“我想回去了。”
傅城嶼抬了抬手腕,眼眸復雜,沉聲:“現在還早,如果回去的話……”
沈寧薇也不指望他陪自己回去,顧懷柔會放他走才怪:“我打車。”
傅城嶼皺眉,沈寧薇最近的執拗他是清楚的:“我讓桓晨送你。”
沈寧薇只好應下。
最終,顧懷柔站在傅城嶼的身邊,目送她離開,她抬起頭對著男人:
“我是不是做錯什么了。”
不然沈寧薇為什么要那么快離開,一分一秒都不想再待下去的樣子。
她的語氣無辜又自責。
傅城嶼盯著漸漸消失在黑夜朦朧中的車牌,邊回應身邊人的話:“想什么呢?”
顧懷柔嘆了口氣,漂亮眼睫下的神情失落不已,道出自己一直以來的想法:
“寧薇姐可能不太喜歡我吧,我只是想把老同學們都聚在一起,一起聊聊天敘敘舊,沒想到她不喜歡這種氛圍。”
這種話在傅城嶼聽來有些不符事實,他思考了會,對顧懷柔耐心解釋:
“阿寧這幾天比較忙,沒怎么歇過,我讓她早點回去休息。

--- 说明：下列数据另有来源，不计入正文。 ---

text \<open>
  Put \<open>ell t = ln ((1 - t) / (1 - 2 t))\<close> and \<open>a = x^(k-1)\<close>. Since
  \<open>Psi_hat k x = exp (- ell a)\<close>, a point \<open>x \<in> [1/2 - 2^-k, 1/2]\<close> is a fixed point of
  \<open>Psi k d\<close> iff \<open>x < 1/2\<close> and \<open>ell x / ell a = d - 1\<close>. Close to \<open>1/2\<close> this ratio is
  continuous and strictly increasing, and the levels \<open>d_lbd k - 1\<close> and \<open>d_ubd k - 1\<close> lie between
  its values at \<open>1/2 - 2^-k\<close> and \<open>1/2 - 2^-k/64\<close>. Hence \<open>x(k,d)\<close> is its inverse evaluated at
  \<open>d - 1\<close>, which depends continuously on \<open>d\<close>.

  The signs come from comparing with \<open>x = 1/2\<close>, where
  \<open>Phi k d (1/2) = ln 2 + (d/k) ln (1 - 2^(1-k))\<close>. Within \<open>2^-k\<close> of \<open>1/2\<close> the \<open>x\<close>-derivative
  of \<open>Phi\<close> is at most \<open>2\<close>, so \<open>Phi_star (d_lbd k) \<ge> Phi (d_lbd k) (1/2) - 2^(1-k) > 0\<close>; and for
  \<open>d = d_ubd k\<close> the fixed point lies so close to \<open>1/2\<close> that \<open>Phi\<close> is increasing between them,
  so \<open>Phi_star (d_ubd k) \<le> Phi (d_ubd k) (1/2) < 0\<close>. The numerical inequalities are checked
  directly for \<open>k = 4, 5\<close> and through bounds on \<open>k^j 2^-k\<close> for larger \<open>k\<close>.
\<close>

lemma ln_add_one_alternating_bound:
  fixes t :: real
  assumes "0 \<le> t"
  shows "0 \<le> (-1)^n * (ln (1 + t) - (\<Sum>i<n. (-1)^i * t^Suc i / Suc i))"
proof -
  let ?f = "\<lambda>t::real. (-1)^n * (ln (1 + t) - (\<Sum>i<n. (-1)^i * t^Suc i / Suc i))"
  have "?f 0 \<le> ?f t"
  proof (rule DERIV_nonneg_imp_nondecreasing[OF assms])
    fix x :: real assume x: "0 \<le> x" "x \<le> t"
    have monomial: "DERIV (\<lambda>t. (-1)^i * t^Suc i / Suc i) x :> (-x)^i" for i
      using DERIV_cmult[OF DERIV_pow[of "Suc i" x], of "(-1)^i / Suc i"]
      by (simp add: power_minus' field_simps del: of_nat_Suc)
    have "DERIV (\<lambda>t. ln (1 + t)) x :> 1/(1+x)"
      using x by (auto intro!: derivative_eq_intros)
    then have "DERIV ?f x :> (-1)^n * (1/(1+x) - (\<Sum>i<n. (-x)^i))"
      by (intro DERIV_cmult DERIV_diff DERIV_sum monomial)
    moreover have "(1 + x) * (\<Sum>i<n. (-x)^i) = 1 - (-x)^n"
      using one_diff_power_eq[of "-x" n] by simp
    then have "1/(1+x) - (\<Sum>i<n. (-x)^i) = (-x)^n/(1+x)"
      using x by (simp add: field_simps)
    then have "(-1)^n * (1/(1+x) - (\<Sum>i<n. (-x)^i)) = x^n/(1+x)"
      by (simp flip: power_mult_distrib)
    ultimately show "\<exists>y. DERIV ?f x :> y \<and> 0 \<le> y" using x by fastforce
  qed
  then show ?thesis by simp
qed
(* Let $A\in\mathbb{R}^{n\times n}$, $B\in\mathbb{R}^{n\times m}$ with $(A,B)$ controllable, and assume the subgraph $\mathcal G_{\sigma(t)}$ is undirected for all $t\ge0$. Given any $\alpha>0$ and $t^*>0$, let $K=\mu B^TW_{\mathrm c}^{-1}(\alpha,t^* )$ with $\mu\ge1/\lambda_H$, and let $\lambda_M,\lambda_m$ be the largest and smallest eigenvalues of $W_{\mathrm c}(0,t^* )$. Then $$\|\Phi_j(t)\|\le C_0(t^* )\,e^{-\alpha t}\quad\text{for all }t\in[0,\tau_j]\text{ and all }j=0,1,2,\dots,$$ where $C_0(t^* )=\sqrt{\lambda_M/\lambda_m}\;e^{\alpha t^*/2}\ge1$.
   Context: $\sigma:[0,\infty)\to\mathcal P=\{1,\dots,n_0\}$ is a piecewise constant switching signal with switching instants $0=t_0<t_1<\cdots$, $t_{j+1}-t_j\ge\tau>0$, $\sigma$ constant on $[t_j,t_{j+1})$; $\tau_j:=t_{j+1}-t_j$. For each $p$, $\bar{\mathcal G}_p$ is a graph on nodes $\{0,\dots,N\}$ with edges $(j,i)$, $j\ne i$; $a_{ij}(t)=1$ if $(j,i)$ is an edge of $\bar{\mathcal G}_{\sigma(t)}$, else $0$. $\mathcal G_{\sigma(t)}$ is the subgraph on $\{1,\dots,N\}$ (undirected: $(i,j)$ edge iff $(j,i)$ edge), with Laplacian $\mathcal L_{\sigma(t)}$ ($l_{ii}=\sum_{j=1}^Na_{ij}(t)$, $l_{ij}=-a_{ij}(t)$). $\mathcal H_{\sigma(t)}=\mathcal L_{\sigma(t)}+\mathrm{diag}(a_{10}(t),\dots,a_{N0}(t))$, which is symmetric positive semidefinite when $\mathcal G_{\sigma(t)}$ is undirected. $\lambda_H=\frac{4}{N(N^2-N+4)}$. For each $j$, let $n_j$ be the nullity of $\mathcal H_{\sigma(t_j)}$, let its eigenvalues be $0=\lambda_1^{(j)}=\dots=\lambda_{n_j}^{(j)}<\lambda_{n_j+1}^{(j)}\le\dots\le\lambda_N^{(j)}$ with corresponding orthonormal eigenvectors $\xi_1^{(j)},\dots,\xi_N^{(j)}$, and set $\Gamma_{\sigma(t_j)}=[\xi_{n_j+1}^{(j)}\ \cdots\ \xi_N^{(j)}]\in\mathbb{R}^{N\times(N-n_j)}$, $\bar\Gamma_{\sigma(t_j)}=\Gamma_{\sigma(t_j)}\otimes I_n$, $M_j=\mathrm{diag}\{A-\lambda_{n_j+1}^{(j)}BK,\dots,A-\lambda_N^{(j)}BK\}$ (block diagonal), and $\Phi_j(t)=\bar\Gamma_{\sigma(t_j)}e^{M_jt}\bar\Gamma_{\sigma(t_j)}^T\in\mathbb{R}^{Nn\times Nn}$. The weighted controllability Gramian is $W_{\mathrm c}(\alpha,t^* )=\int_0^{t^*}e^{-\alpha t}e^{-\frac{A}{2}t}BB^Te^{-\frac{A^T}{2}t}\,dt$ (positive definite under controllability). $\|\cdot\|$ is the matrix norm induced by the Euclidean norm. *)

theory Defs
  imports "HOL-Analysis.Analysis"
begin

primrec mpow :: "real^'n^'n \<Rightarrow> nat \<Rightarrow> real^'n^'n" where
  "mpow M 0 = mat 1"
| "mpow M (Suc k) = M ** mpow M k"

definition mexp :: "real^'n^'n \<Rightarrow> real^'n^'n" where
  "mexp M = (\<Sum>k. (1 / fact k) *\<^sub>R mpow M k)"

text \<open>Controllability of (A,B): the Kalman matrix [B, AB, ..., A^(n-1) B] has full rank n,
  i.e. its column space is all of R^n.\<close>
definition controllable :: "real^'n^'n \<Rightarrow> real^'m^'n \<Rightarrow> bool" where
  "controllable A B \<longleftrightarrow>
     span {(mpow A k ** B) *v v | k v. k < CARD('n)} = UNIV"

definition is_eigenvalue :: "real^'n^'n \<Rightarrow> real \<Rightarrow> bool" where
  "is_eigenvalue W l \<longleftrightarrow> (\<exists>v. v \<noteq> 0 \<and> W *v v = l *\<^sub>R v)"

definition gramian :: "real^'n^'n \<Rightarrow> real^'m^'n \<Rightarrow> real \<Rightarrow> real \<Rightarrow> real^'n^'n" where
  "gramian A B \<alpha> ts = integral {0..ts}
     (\<lambda>t. exp (- \<alpha> * t) *\<^sub>R
          (mexp ((- t / 2) *\<^sub>R A) ** B ** transpose B ** mexp ((- t / 2) *\<^sub>R transpose A)))"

”
頓了頓,在顧懷柔懵懂的眼神中補充一句:“她沒有別的意思,也沒有不喜歡你。”
“這樣啊……”
他這么了解沈寧薇。
顧懷柔牽起一個原來如此的笑容:“是我誤會寧薇了,有機會我再去北苑找寧薇好好聊一聊,加深下感情。”
她表現出一副對沈寧薇誠心誠意,包容相處,不計前嫌的友好相處狀態,讓人不好說什么。
傅城嶼沒有繼續說話,就當是同意了,放軟語氣。
“有誤會的話,及時解開。”
傅城嶼這種態度在顧懷柔看來不冷不熱的,立場也不是很明確。
本來錯過近四年的時間她就已經很懊悔了,想著這次回來彌補他們之間,創造進一步的機會,她對兩人的關系很有信心。
傅城嶼那天迎她歸來時的態度也沒讓她失望。
要說變,也沒變,和當年她離開時一樣,待她如初。
只是,她想要的不僅僅是這些。
濃重的危機感使她怕傅城嶼真的被搶走,以后他的心思就不會再多停留在她身上了。
看來,這么多年,沈寧薇還是有點本事在身上的。
身邊的朋友都告訴她,傅城嶼不會和沈寧薇結婚的,他拎得很清楚,當初和沈寧薇在一起摻和了一些目的性。
所以她也放心地待在國外學習工作玩樂。
現如今,顧懷柔承認自己有些沉不住氣了。
“阿嶼,里面有人在喊我們,我們進去吧。”
她手輕輕搭在他的手臂上,注視男人的眼神多了分懇切和占有欲望。
傅城嶼微微點頭,手居然下意識地想抽動,但余光瞥到她走路不穩的姿態,細高跟的白色高跟鞋,于是任她動作。
顧懷柔的嘴角微微上揚,隱藏不住的好心情。
“阿嶼,找個時間我們去后園山吧,以前我們經常去,你還記得嗎?”
那是他們獨屬的回憶,外人是不會懂的。
她以前身體素質不太好,傅城嶼經常帶她去爬山鍛煉。